First Funding in Los Angeles
Angel investors invest in early-stage startups or entrepreneurs, and generally provide only a one-time investment to help the business grow. They generally provide more favorable terms compared to other types of investors, since they usually invest in the entrepreneur starting the business, rather than the viability of the business, and are more focused on helping startups take their first steps instead of receiving possible profit they may get from the business. Angel investors sometimes go by other names, including “informal investors”, “angel funders”, “private investors”, “seed investors”, and “business angels”.

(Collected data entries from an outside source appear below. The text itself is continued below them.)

(* Let $k$ be a field and $S=k[x_1,\dots,x_n]$. Let $I\subseteq K\subseteq S$ and $J\subseteq L\subseteq S$ be monomial ideals with $\dim_k S/I<\infty$ and $\dim_k S/J<\infty$. Let $\nu$ (resp. $\epsilon$) be the skew shape associated with $K/I$ (resp. $L/J$), and let $\nu=\nu_1\amalg\dots\amalg\nu_m$ and $\epsilon=\epsilon_1\amalg\dots\amalg\epsilon_\ell$ be their decompositions into connected components. Then for every isomorphism $\phi\colon K/I\to L/J$ of $S$-modules sending monomials to monomials, there exist a bijection $\sigma\colon\{1,\dots,m\}\to\{1,\dots,\ell\}$ and elements $c_1,\dots,c_m\in\mathbb{Z}^n$ such that $\nu_i+c_i=\epsilon_{\sigma(i)}$ for each $i$, and $\phi(x^a)=x^{a+c_i}$ for all $a\in\nu_i$.
   Context: Monomials of $S$ are identified with $\mathbb{N}^n$ via $a=(a_1,\dots,a_n)\leftrightarrow x^a=x_1^{a_1}\cdots x_n^{a_n}$; $\mathbb{N}^n$ carries the componentwise partial order. For monomial ideals $I\subseteq K$, the skew shape associated with $K/I$ is the set of $a\in\mathbb{N}^n$ with $x^a\in K$ and $x^a\notin I$ (i.e. the monomials giving a basis of $K/I$). A set $\epsilon\subseteq\mathbb{N}^n$ is connected if for any $a,b\in\epsilon$ there exist $a',b'\in\mathbb{N}^n$ with $a+a'=b+b'\in\epsilon$; every skew shape is uniquely a disjoint union of connected ones, its connected components. An $S$-module isomorphism $\phi\colon K/I\to L/J$ "sends monomials to monomials" if for each monomial $x^a$ with $a$ in the skew shape of $K/I$, $\phi(x^a)$ is a monomial $x^{a'}$ with $a'$ in the skew shape of $L/J$.
   Formalization: The connected components of a skew shape are the classes of the equivalence relation generated by relating a and b when $a+a'=b+b'$ lies in the shape for some $a',b'$, rather than its connected pieces. The statement above fails without it. *)

theory Defs
  imports "HOL-Library.Poly_Mapping"
begin

text \<open>The polynomial ring S = k[x_i : i in 'n] over a field k, with a finite index
type 'n of variables (so n = CARD('n)).  Exponent vectors are elements of the
poly_mapping type from n to nat (all functions, since 'n is finite).\<close>

type_synonym ('n, 'k) mpoly = "('n \<Rightarrow>\<^sub>0 nat) \<Rightarrow>\<^sub>0 'k"

definition mon :: "('n \<Rightarrow>\<^sub>0 nat) \<Rightarrow> ('n, 'k::field) mpoly" where
  "mon a = Poly_Mapping.single a 1"

definition const :: "'k::field \<Rightarrow> ('n, 'k) mpoly" where
  "const c = Poly_Mapping.single 0 c"

definition is_ideal :: "('n, 'k::field) mpoly set \<Rightarrow> bool" where
  "is_ideal I \<longleftrightarrow> 0 \<in> I \<and> (\<forall>p\<in>I. \<forall>q\<in>I. p + q \<in> I) \<and> (\<forall>s. \<forall>p\<in>I. s * p \<in> I)"

definition monomial_ideal :: "('n, 'k::field) mpoly set \<Rightarrow> bool" where
  "monomial_ideal I \<longleftrightarrow> is_ideal I \<and>
     (\<exists>M. I = {p. \<exists>A s. finite A \<and> A \<subseteq> M \<and> p = (\<Sum>a\<in>A. s a * mon a)})"

definition fin_codim :: "('n, 'k::field) mpoly set \<Rightarrow> bool" where
  "fin_codim I \<longleftrightarrow> (\<exists>B. finite B \<and> (\<forall>p. \<exists>c. p - (\<Sum>b\<in>B. const (c b) * b) \<in> I))"

definition skew_shape :: "('n, 'k::field) mpoly set \<Rightarrow> ('n, 'k) mpoly set \<Rightarrow> ('n \<Rightarrow>\<^sub>0 nat) set" where
  "skew_shape K I = {a. mon a \<in> K \<and> mon a \<notin> I}"

definition linked :: "('n \<Rightarrow>\<^sub>0 nat) set \<Rightarrow> ('n \<Rightarrow>\<^sub>0 nat) \<Rightarrow> ('n \<Rightarrow>\<^sub>0 nat) \<Rightarrow> bool" where
  "linked E a b \<longleftrightarrow> a \<in> E \<and> b \<in> E \<and> (\<exists>a' b'. a + a' = b + b' \<and> a + a' \<in> E)"

definition components :: "('n \<Rightarrow>\<^sub>0 nat) set \<Rightarrow> ('n \<Rightarrow>\<^sub>0 nat) set set" where
  "components E = (\<lambda>a. {b. (linked E)\<^sup>*\<^sup>* a b}) ` E"

definition to_int :: "('n \<Rightarrow>\<^sub>0 nat) \<Rightarrow> ('n \<Rightarrow> int)" where
  "to_int a = (\<lambda>i. int (Poly_Mapping.lookup a i))"

definition shift :: "('n \<Rightarrow>\<^sub>0 nat) \<Rightarrow> ('n \<Rightarrow> int) \<Rightarrow> ('n \<Rightarrow> int)" where
  "shift a c = (\<lambda>i. int (Poly_Mapping.lookup a i) + c i)"

text \<open>An S-module isomorphism K/I \<rightarrow> L/J, represented on representatives:
  phi maps K to L, is well defined modulo I/J, S-linear modulo J, injective and surjective.\<close>
definition module_iso :: "('n, 'k::field) mpoly set \<Rightarrow> ('n, 'k) mpoly set \<Rightarrow>
    ('n, 'k) mpoly set \<Rightarrow> ('n, 'k) mpoly set \<Rightarrow> (('n, 'k) mpoly \<Rightarrow> ('n, 'k) mpoly) \<Rightarrow> bool" where
  "module_iso K I L J phi \<longleftrightarrow>
     (\<forall>p\<in>K. phi p \<in> L) \<and>
     (\<forall>p\<in>K. \<forall>q\<in>K. p - q \<in> I \<longrightarrow> phi p - phi q \<in> J) \<and>
     (\<forall>p\<in>K. \<forall>q\<in>K. phi (p + q) - (phi p + phi q) \<in> J) \<and>
     (\<forall>s. \<forall>p\<in>K. phi (s * p) - s * phi p \<in> J) \<and>
     (\<forall>p\<in>K. phi p \<in> J \<longrightarrow> p \<in> I) \<and>
     (\<forall>q\<in>L. \<exists>p\<in>K. phi p - q \<in> J)"

definition sends_monomials :: "('n, 'k::field) mpoly set \<Rightarrow> ('n, 'k) mpoly set \<Rightarrow>
    ('n, 'k) mpoly set \<Rightarrow> ('n, 'k) mpoly set \<Rightarrow> (('n, 'k) mpoly \<Rightarrow> ('n, 'k) mpoly) \<Rightarrow> bool" where
  "sends_monomials K I L J phi \<longleftrightarrow>
     (\<forall>a\<in>skew_shape K I. \<exists>a'\<in>skew_shape L J. phi (mon a) - mon a' \<in> J)"

end

theory Submission
  imports Defs
begin

text \<open>
An isomorphism sending monomials to monomials induces a map f from the skew shape \<nu> of K/I to
the skew shape \<epsilon> of L/J. S-linearity forces f (a + e) = f a + e whenever a and a + e lie in \<nu>,
and conversely a + e \<in> \<nu> as soon as f a + e \<in> \<epsilon>; injectivity and surjectivity of the
isomorphism make f a bijection. Such a map carries common upper bounds to common upper bounds in
both directions, so it maps connected components onto connected components, and on a linked pair
the translation vector f a - a does not change, hence it is constant on each component.
\<close>

lemma is_ideal_zero: "is_ideal J \<Longrightarrow> 0 \<in> J"
  by (simp add: is_ideal_def)

lemma is_ideal_add: "is_ideal J \<Longrightarrow> p \<in> J \<Longrightarrow> q \<in> J \<Longrightarrow> p + q \<in> J"
  by (simp add: is_ideal_def)

lemma is_ideal_mult: "is_ideal J \<Longrightarrow> p \<in> J \<Longrightarrow> s * p \<in> J"
  by (simp add: is_ideal_def)

lemma is_ideal_diff:
  fixes p q :: "('n, 'k::field) mpoly"
  assumes "is_ideal J" "p \<in> J" "q \<in> J"
  shows "p - q \<in> J"
  using is_ideal_add[OF assms(1,2) is_ideal_mult[OF assms(1,3), of "-1"]] by simp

Angel Investor Groups in Los Angeles
Angel investor groups are networks, or syndicates, of investors who pool their resources together to invest in new companies. Most angel networks focus their efforts on members in which members have experience or knowledge, although they are usually open to investments in other areas. In general, investors in groups contribute funds to the group, and a professional syndicate management team chooses the investments.
Growth Stage Funding
Venture Capital Firms in Los Angeles
Venture capital firms firm provide startup or growth equity capital and/or loan capital to promising ventures for returns that are higher than market interest rates, and typically focus on later stage companies. VC firms generally only invest in companies that have long-term growth potential, like considerable traction, a strong team, and a viable product or service. Because of these high standards, less than .1% of businesses are funded by venture capital.